● What you need to do
Counting the line with "define M where" as the last one, copy out the lines of the data exactly from the first onward.

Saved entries

=====

text \<open>The normalising constant \<open>K\<close> is never computed: total mass one forces \<open>K = 1 / mallows_weight n q\<close>.\<close>
lemma emeasure_coupled_perm_fibre_eq_pmf:
  assumes q: "1 < q" and mn: "m \<le> n" and s: "s permutes {1..n}"
  shows "emeasure (geom_seq (1 / q) \<Otimes>\<^sub>M geom_seq (1 / q)) {x. coupled_perm n m (fst x) (snd x) = s}
    = pmf (mallows_fin n q) s"
proof -
  define p where "p = 1 / q"
  have p: "0 < p" "p < 1" "p * q = 1" using q by (auto simp: p_def)
  define M where "M = geom_seq p \<Otimes>\<^sub>M geom_seq p"
  define E where "E \<sigma> = {x. coupled_perm n m (fst x) (snd x) = \<sigma>}" for \<sigma>
  define K where "K = coupling_const n m p * p ^ card {(i, j). 1 \<le> i \<and> i < j \<and> (j::nat) \<le> n}"
  have K: "0 \<le> K" using coupling_const_nonneg[OF p(1,2)] p by (simp add: K_def)
  have mass: "emeasure M (E \<sigma>) = ennreal (K * q ^ inversions n \<sigma>)" if "\<sigma> permutes {1..n}" for \<sigma>
  proof -
    have "p ^ (\<Sum>k\<in>{1..n}. mixed_code n m \<sigma> k) = p ^ (\<Sum>k\<in>{1..n}. mixed_code n m \<sigma> k) * (p * q) ^ inversions n \<sigma>"
      using p by simp
    also have "\<dots> = p ^ ((\<Sum>k\<in>{1..n}. mixed_code n m \<sigma> k) + inversions n \<sigma>) * q ^ inversions n \<sigma>"
      by (simp add: power_add power_mult_distrib)
    also have "\<dots> = p ^ card {(i, j). 1 \<le> i \<and> i < j \<and> (j::nat) \<le> n} * q ^ inversions n \<sigma>"
      unfolding sum_mixed_code_add_inversions[OF that] ..
    finally show ?thesis
      using emeasure_coupled_perm_fibre[OF p(1,2) mn that] by (simp add: M_def E_def K_def mult.assoc)
  qed
  have "(\<Sum>\<sigma> | \<sigma> permutes {1..n}. emeasure M (E \<sigma>)) = emeasure M (\<Union>\<sigma>\<in>{\<sigma>. \<sigma> permutes {1..n}}. E \<sigma>)"
    using coupled_perm_fibre_sets[OF mn]
    by (intro sum_emeasure) (auto simp: M_def E_def disjoint_family_on_def finite_permutations)
  also have "(\<Union>\<sigma>\<in>{\<sigma>. \<sigma> permutes {1..n}}. E \<sigma>) = space M"
    using coupled_perm_permutes[OF mn] by (auto simp: M_def E_def space_pair_measure)
  also have "emeasure M (space M) = 1"
    unfolding M_def by (intro prob_space.emeasure_space_1 prob_space_pair prob_space_geom_seq)
  finally have "ennreal (\<Sum>\<sigma> | \<sigma> permutes {1..n}. K * q ^ inversions n \<sigma>) = 1"
    using mass K q by (simp add: sum_ennreal)
  then have "K * mallows_weight n q = 1" by (simp add: mallows_weight_def sum_distrib_left)
  then have "K = 1 / mallows_weight n q" using mallows_weight_pos[of q n] q by (simp add: field_simps)
  then show ?thesis
    using mass[OF s] pmf_mallows_fin[of q n s] s q by (simp add: M_def E_def p_def)
qed

lemma distr_coupled_perm:
  assumes q: "1 < q" and mn: "m \<le> n"
  shows "distr (geom_seq (1 / q) \<Otimes>\<^sub>M geom_seq (1 / q)) FunM (\<lambda>x. coupled_perm n m (fst x) (snd x))
    = distr (measure_pmf (mallows_fin n q)) FunM (\<lambda>x. x)"
proof (rule distr_eq_measure_pmf_finite_fibres[where P = "{\<sigma>. \<sigma> permutes {1..n}}"])
  show "(\<lambda>x. coupled_perm n m (fst x) (snd x)) \<in> geom_seq (1 / q) \<Otimes>\<^sub>M geom_seq (1 / q) \<rightarrow>\<^sub>M FunM"
    by (rule measurable_coupled_perm[OF mn])
  show "set_pmf (mallows_fin n q) \<subseteq> {\<sigma>. \<sigma> permutes {1..n}}"
    using q by (auto simp: set_pmf_iff pmf_mallows_fin split: if_splits)
qed (use coupled_perm_permutes[OF mn] coupled_perm_fibre_sets[OF mn] emeasure_coupled_perm_fibre_eq_pmf[OF q mn]
  in \<open>auto simp: finite_permutations space_pair_measure vimage_def\<close>)

section \<open>The coupling\<close>

definition prefix_len :: "nat \<Rightarrow> nat" where
  "prefix_len n = nat \<lfloor>real n / 2 - (ln (real n))\<^sup>2\<rfloor>"

definition jump_bound :: "nat \<Rightarrow> nat" where
  "jump_bound n = nat \<lfloor>(ln (real n))\<^sup>2\<rfloor>"

lemma real_jump_bound: "real (jump_bound n) = of_int \<lfloor>(ln (real n))\<^sup>2\<rfloor>"
  unfolding jump_bound_def by (simp add: of_nat_nat)

lemma le_prefix_len_iff: "1 \<le> i \<Longrightarrow> int i \<le> \<lfloor>real n / 2 - (ln (real n))\<^sup>2\<rfloor> \<longleftrightarrow> i \<le> prefix_len n"
  unfolding prefix_len_def by linarith

lemma prefix_len_le: "prefix_len n \<le> n"
proof -
  have "0 \<le> (ln (real n))\<^sup>2" by simp
  then have "real_of_int \<lfloor>real n / 2 - (ln (real n))\<^sup>2\<rfloor> \<le> real n"
    using of_int_floor_le[of "real n / 2 - (ln (real n))\<^sup>2"] by linarith
  then show ?thesis unfolding prefix_len_def by linarith
qed

lemma prefix_len_jump_bound:
  assumes "1 \<le> prefix_len n"
  shows "2 * prefix_len n + 2 * jump_bound n \<le> n"
proof -
  have "real (prefix_len n) \<le> real n / 2 - (ln (real n))\<^sup>2"
    using assms unfolding prefix_len_def by linarith
  moreover have "real (jump_bound n) \<le> (ln (real n))\<^sup>2"
    unfolding real_jump_bound by (rule of_int_floor_le)
  ultimately show ?thesis by linarith
qed

lemma tendsto_prefix_len_tail:
  assumes p: "0 < p" "p < 1"
  shows "(\<lambda>n. 2 * real (prefix_len n) * p ^ Suc (jump_bound n)) \<longlonglongrightarrow> 0"
proof -
  define c where "c = - ln p"
  have c: "0 < c" using p by (simp add: c_def)
  have bound: "2 * real (prefix_len n) * p ^ Suc (jump_bound n) \<le> 2 * (real n * exp (- c * (ln (real n))\<^sup>2))"
    for n
  proof -
    have "(ln (real n))\<^sup>2 \<le> real (Suc (jump_bound n))"
      unfolding of_nat_Suc real_jump_bound by linarith
    then have "real (Suc (jump_bound n)) * ln p \<le> - c * (ln (real n))\<^sup>2"
      using p unfolding c_def by (simp add: mult.commute mult_right_mono_neg)
    moreover have "p ^ Suc (jump_bound n) = exp (real (Suc (jump_bound n)) * ln p)"
      using p by (subst exp_of_nat_mult) simp
    ultimately have "p ^ Suc (jump_bound n) \<le> exp (- c * (ln (real n))\<^sup>2)" by simp
    then have "real (prefix_len n) * p ^ Suc (jump_bound n) \<le> real n * exp (- c * (ln (real n))\<^sup>2)"
      using prefix_len_le[of n] p by (intro mult_mono) auto
    then show ?thesis by simp
  qed
  have "(\<lambda>n. real n * exp (- c * (ln (real n))\<^sup>2)) \<longlonglongrightarrow> 0"
    using c by real_asymp
  then have lim: "(\<lambda>n. 2 * (real n * exp (- c * (ln (real n))\<^sup>2))) \<longlonglongrightarrow> 0"
    by (rule tendsto_mult_right_zero)
  show ?thesis
    by (rule tendsto_sandwich[OF _ _ tendsto_const lim]) (use bound p in \<open>auto intro!: always_eventually\<close>)
qed

definition bounded_jumps :: "nat \<Rightarrow> nat \<Rightarrow> (nat \<Rightarrow> nat) set" where
  "bounded_jumps m D = {Z. \<forall>k\<in>{1..m}. Z k - 1 \<le> D}"

lemma bounded_jumps_sets: "bounded_jumps m D \<in> sets (geom_seq p)"
proof -
  have "bounded_jumps m D = {Z \<in> space (geom_seq p). \<forall>k\<in>{1..m}. Z k \<in> {z. z - 1 \<le> D}}"
    unfolding bounded_jumps_def by simp
  also have "\<dots> \<in> sets (geom_seq p)" unfolding geom_seq_def by measurable
  finally show ?thesis .
qed

lemma measure_bounded_jumps_pair:
  assumes p: "0 < p" "p < 1"
  shows "measure (geom_seq p \<Otimes>\<^sub>M geom_seq p) (bounded_jumps m D \<times> bounded_jumps m D) = (1 - p ^ Suc D) ^ (2 * m)"
proof -
  have nonneg: "0 \<le> 1 - p ^ Suc D" using power_le_one[of p "Suc D"] p by linarith
  have "emeasure (geom_seq p) (bounded_jumps m D) = (\<Prod>k\<in>{1..m}. emeasure (measure_pmf (geom1 p)) {z. z - 1 \<le> D})"
    using emeasure_geom_seq_cylinder[of "{1..m}" p "\<lambda>_. {z. z - 1 \<le> D}"] unfolding bounded_jumps_def by simp
  also have "\<dots> = ennreal ((1 - p ^ Suc D) ^ m)"
    using emeasure_geom1_le[OF p] nonneg by (simp add: prod_ennreal ennreal_power)
  finally have "emeasure (geom_seq p \<Otimes>\<^sub>M geom_seq p) (bounded_jumps m D \<times> bounded_jumps m D)
      = ennreal ((1 - p ^ Suc D) ^ m) * ennreal ((1 - p ^ Suc D) ^ m)"
    using sigma_finite_measure.emeasure_pair_measure_Times[OF
        prob_space_imp_sigma_finite[OF prob_space_geom_seq] bounded_jumps_sets bounded_jumps_sets]
    by simp
  then show ?thesis
    using nonneg by (simp add: measure_def ennreal_mult''[symmetric] power_add mult_2 del: ennreal_mult'')
qed

definition coupling_map ::
  "nat \<Rightarrow> (nat \<Rightarrow> nat) \<times> (nat \<Rightarrow> nat) \<Rightarrow> (nat \<Rightarrow> nat) \<times> (nat \<Rightarrow> nat) \<times> (nat \<Rightarrow> nat)" where
  "coupling_map n x = (coupled_perm n (prefix_len n) (fst x) (snd x), mallows_inj (fst x), mallows_inj (snd x))"

definition mallows_coupling :: "real \<Rightarrow> nat \<Rightarrow> ((nat \<Rightarrow> nat) \<times> (nat \<Rightarrow> nat) \<times> (nat \<Rightarrow> nat)) measure" where
  "mallows_coupling q n =
     distr (geom_seq (1 / q) \<Otimes>\<^sub>M geom_seq (1 / q)) (FunM \<Otimes>\<^sub>M FunM \<Otimes>\<^sub>M FunM) (coupling_map n)"

lemma measurable_coupling_map:
  "coupling_map n \<in> geom_seq p \<Otimes>\<^sub>M geom_seq p \<rightarrow>\<^sub>M FunM \<Otimes>\<^sub>M FunM \<Otimes>\<^sub>M FunM"
  unfolding coupling_map_def
  by (intro measurable_Pair measurable_coupled_perm[OF prefix_len_le]
      measurable_compose[OF measurable_fst measurable_mallows_inj]
      measurable_compose[OF measurable_snd measurable_mallows_inj])

lemma prob_space_mallows_coupling: "prob_space (mallows_coupling q n)"
  unfolding mallows_coupling_def
  by (intro prob_space.prob_space_distr prob_space_pair prob_space_geom_seq measurable_coupling_map)

lemma is_coupling_mallows_coupling:
  assumes "1 < q"
  shows "is_coupling n q (mallows_coupling q n)"
proof -
  let ?G = "geom_seq (1 / q)"
  have "distr (mallows_coupling q n) FunM fst = distr (?G \<Otimes>\<^sub>M ?G) FunM (fst \<circ> coupling_map n)"
    unfolding mallows_coupling_def by (rule distr_distr[OF measurable_fst measurable_coupling_map])
  also have "\<dots> = distr (measure_pmf (mallows_fin n q)) FunM (\<lambda>x. x)"
    using distr_coupled_perm[OF assms prefix_len_le] by (simp add: o_def coupling_map_def)
  finally have fst_law: "distr (mallows_coupling q n) FunM fst = distr (measure_pmf (mallows_fin n q)) FunM (\<lambda>x. x)" .
  have "distr (mallows_coupling q n) (FunM \<Otimes>\<^sub>M FunM) snd
      = distr (?G \<Otimes>\<^sub>M ?G) (FunM \<Otimes>\<^sub>M FunM) (\<lambda>(Z, Z'). (mallows_inj Z, mallows_inj Z'))"
    unfolding mallows_coupling_def
    by (simp add: distr_distr[OF measurable_snd measurable_coupling_map] o_def coupling_map_def split_beta')
  also have "\<dots> = mallows_N (1 / q) \<Otimes>\<^sub>M mallows_N (1 / q)"
    unfolding mallows_N_eq_distr_geom_seq
    by (intro pair_measure_distr[symmetric] measurable_mallows_inj prob_space_imp_sigma_finite
        prob_space.prob_space_distr prob_space_geom_seq)
  finally show ?thesis
    unfolding is_coupling_def using fst_law prob_space_mallows_coupling by (simp add: mallows_coupling_def)
qed

lemma pred_eq_count_space [measurable (raw)]:
  fixes f g :: "'a \<Rightarrow> nat"
  assumes f: "f \<in> M \<rightarrow>\<^sub>M count_space UNIV" and g: "g \<in> M \<rightarrow>\<^sub>M count_space UNIV"
  shows "Measurable.pred M (\<lambda>x. f x = g x)"
proof -
  have "(\<lambda>x. (\<lambda>a x. a = g x) (f x) x) \<in> M \<rightarrow>\<^sub>M count_space UNIV"
    by (rule measurable_compose_countable[OF _ f]) (rule pred_count_space_const2[OF g])
  then show ?thesis unfolding Measurable.pred_def by simp
qed

lemma good_event_sets: "good_event n \<in> sets (FunM \<Otimes>\<^sub>M FunM \<Otimes>\<^sub>M FunM)"
proof -
  define I where "I = {i::nat. 1 \<le> i \<and> int i \<le> \<lfloor>real n / 2 - (ln (real n))\<^sup>2\<rfloor>}"
  have "I \<subseteq> {1..prefix_len n}" using le_prefix_len_iff by (auto simp: I_def)
  then have "finite I" by (rule finite_subset) simp
  have "good_event n = {x \<in> space (FunM \<Otimes>\<^sub>M FunM \<Otimes>\<^sub>M FunM).
      \<forall>i\<in>I. n + 1 - fst x i = fst (snd x) i \<and> fst x (n + 1 - i) = snd (snd x) i}"
    unfolding good_event_def I_def by (auto simp: space_pair_measure)
  also have "\<dots> \<in> sets (FunM \<Otimes>\<^sub>M FunM \<Otimes>\<^sub>M FunM)"
    unfolding FunM_def using \<open>finite I\<close> by measurable
  finally show ?thesis .
qed

lemma coupling_map_in_good_event:
  assumes "x \<in> bounded_jumps (prefix_len n) (jump_bound n) \<times> bounded_jumps (prefix_len n) (jump_bound n)"
  shows "coupling_map n x \<in> good_event n"
proof -
  obtain Z Z' where x: "x = (Z, Z')" by (cases x)
  have ZD: "\<And>k. k \<in> {1..prefix_len n} \<Longrightarrow> Z k - 1 \<le> jump_bound n"
    and ZD': "\<And>k. k \<in> {1..prefix_len n} \<Longrightarrow> Z' k - 1 \<le> jump_bound n"
    using assms unfolding x bounded_jumps_def by auto
  have "n + 1 - coupled_perm n (prefix_len n) Z Z' i = mallows_inj Z i \<and>
      coupled_perm n (prefix_len n) Z Z' (n + 1 - i) = mallows_inj Z' i"
    if i: "i \<in> {1..prefix_len n}" for i
  proof -
    have nm: "2 * prefix_len n + 2 * jump_bound n \<le> n" using i prefix_len_jump_bound by auto
    show ?thesis
      using mallows_inj_eq_reflect_coupled_perm[where Z = Z and Z' = Z', OF nm ZD i]
        mallows_inj_eq_coupled_perm_reflect[where Z = Z and Z' = Z', OF nm ZD ZD' i] by simp
  qed
  then show ?thesis
    unfolding good_event_def coupling_map_def x using le_prefix_len_iff by auto
qed
lemma sum_sign_vectors_Ax_l1_le:
  assumes "\<And>j. j < k \<Longrightarrow> S j \<subseteq> {..<D}"
  shows "(\<Sum>e\<in>sign_vectors k. Ax_l1 D k S e) \<le>
           real (card (sign_vectors k)) * sqrt (real D * (\<Sum>j<k. 1 / real (card (S j))))"
proof -
  define q where "q i = (\<Sum>j<k. (matA S i j)\<^sup>2)" for i
  have "(\<Sum>e\<in>sign_vectors k. Ax_l1 D k S e) =
      (\<Sum>i<D. \<Sum>e\<in>sign_vectors k. \<bar>\<Sum>j<k. matA S i j * e j\<bar>)"
    unfolding Ax_l1_def by (rule sum.swap)
  also have "\<dots> \<le> (\<Sum>i<D. real (card (sign_vectors k)) * sqrt (q i))"
    unfolding q_def by (intro sum_mono sum_sign_vectors_abs_le)
  also have "\<dots> \<le> real (card (sign_vectors k)) * sqrt (real D * (\<Sum>i<D. q i))"
    using sum_sqrt_le_sqrt_card_mult_sum[of "{..<D}" q]
    by (simp add: sum_distrib_left[symmetric] q_def sum_nonneg mult_left_mono)
  also have "(\<Sum>i<D. q i) = (\<Sum>j<k. 1 / real (card (S j)))"
    unfolding q_def using assms by (subst sum.swap) (simp add: sum_matA_square)
  finally show ?thesis .
qed

lemma kappa_ge_of_witness:
  assumes "l1_k k x > 0" "m * Ax_l1 D k S x \<le> l1_k k x"
  shows "ereal m \<le> kappa D k S"
  unfolding kappa_def
proof (rule Inf_greatest, clarify)
  fix c :: ereal
  assume c: "c > 0" "\<forall>x. ereal (l1_k k x) \<le> c * ereal (Ax_l1 D k S x)"
  show "ereal m \<le> c"
  proof (cases c)
    case (real r)
    have "l1_k k x \<le> r * Ax_l1 D k S x"
      using c(2) real by (metis times_ereal.simps(1) ereal_less_eq(3))
    moreover have "Ax_l1 D k S x \<ge> 0"
      unfolding Ax_l1_def by (simp add: sum_nonneg)
    ultimately have "m * Ax_l1 D k S x \<le> r * Ax_l1 D k S x" "Ax_l1 D k S x > 0"
      using assms by (force, fastforce simp: order_le_less)
    then show ?thesis
      using real by (simp add: mult_le_cancel_right_pos)
  qed (use c in auto)
qed

definition large_columns :: "nat \<Rightarrow> nat \<Rightarrow> (nat \<Rightarrow> nat set) \<Rightarrow> bool" where
  "large_columns D k S \<longleftrightarrow> (\<forall>j<k. S j \<subseteq> {..<D} \<and> real D / 4 \<le> real (card (S j)))"

lemma kappa_ge_half_sqrt_of_large_columns:
  assumes "k > 0" "D > 0" and large: "large_columns D k S"
  shows "ereal (1/2 * sqrt (real k)) \<le> kappa D k S"
proof -
  have "(\<Sum>j<k. 1 / real (card (S j))) \<le> (\<Sum>j<k. 4 / real D)"
    using large \<open>D > 0\<close> unfolding large_columns_def
    by (intro sum_mono) (auto simp: divide_simps mult.commute)
  then have "sqrt (real D * (\<Sum>j<k. 1 / real (card (S j)))) \<le> sqrt (real D * (4 * real k / real D))"
    using \<open>D > 0\<close> by (intro real_sqrt_le_mono mult_left_mono) (auto simp: mult.commute)
  also have "\<dots> = 2 * sqrt (real k)"
    using \<open>D > 0\<close> by (simp add: real_sqrt_mult)
  finally have "(\<Sum>e\<in>sign_vectors k. Ax_l1 D k S e) \<le> (\<Sum>e\<in>sign_vectors k. 2 * sqrt (real k))"
    using sum_sign_vectors_Ax_l1_le[of k S D] large unfolding large_columns_def
    by (simp add: order_trans mult_left_mono)
  then obtain e where e: "e \<in> sign_vectors k" "Ax_l1 D k S e \<le> 2 * sqrt (real k)"
    using sum_strict_mono[OF finite_sign_vectors sign_vectors_nonempty] by (meson not_le)
  have l1: "l1_k k e = real k"
    unfolding l1_k_def using abs_sign_vector[OF e(1)] by simp
  have "1/2 * sqrt (real k) * Ax_l1 D k S e \<le> 1/2 * sqrt (real k) * (2 * sqrt (real k))"
    using e(2) by (intro mult_left_mono) auto
  then show ?thesis
    using \<open>k > 0\<close> l1 by (intro kappa_ge_of_witness[of k e]) auto
qed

=====

● Exercise solution
text \<open>The normalising constant \<open>K\<close> is never computed: total mass one forces \<open>K = 1 / mallows_weight n q\<close>.\<close>
lemma emeasure_coupled_perm_fibre_eq_pmf:
  assumes q: "1 < q" and mn: "m \<le> n" and s: "s permutes {1..n}"
  shows "emeasure (geom_seq (1 / q) \<Otimes>\<^sub>M geom_seq (1 / q)) {x. coupled_perm n m (fst x) (snd x) = s}
    = pmf (mallows_fin n q) s"
proof -
  define p where "p = 1 / q"
  have p: "0 < p" "p < 1" "p * q = 1" using q by (auto simp: p_def)
  define M where "M = geom_seq p \<Otimes>\<^sub>M geom_seq p"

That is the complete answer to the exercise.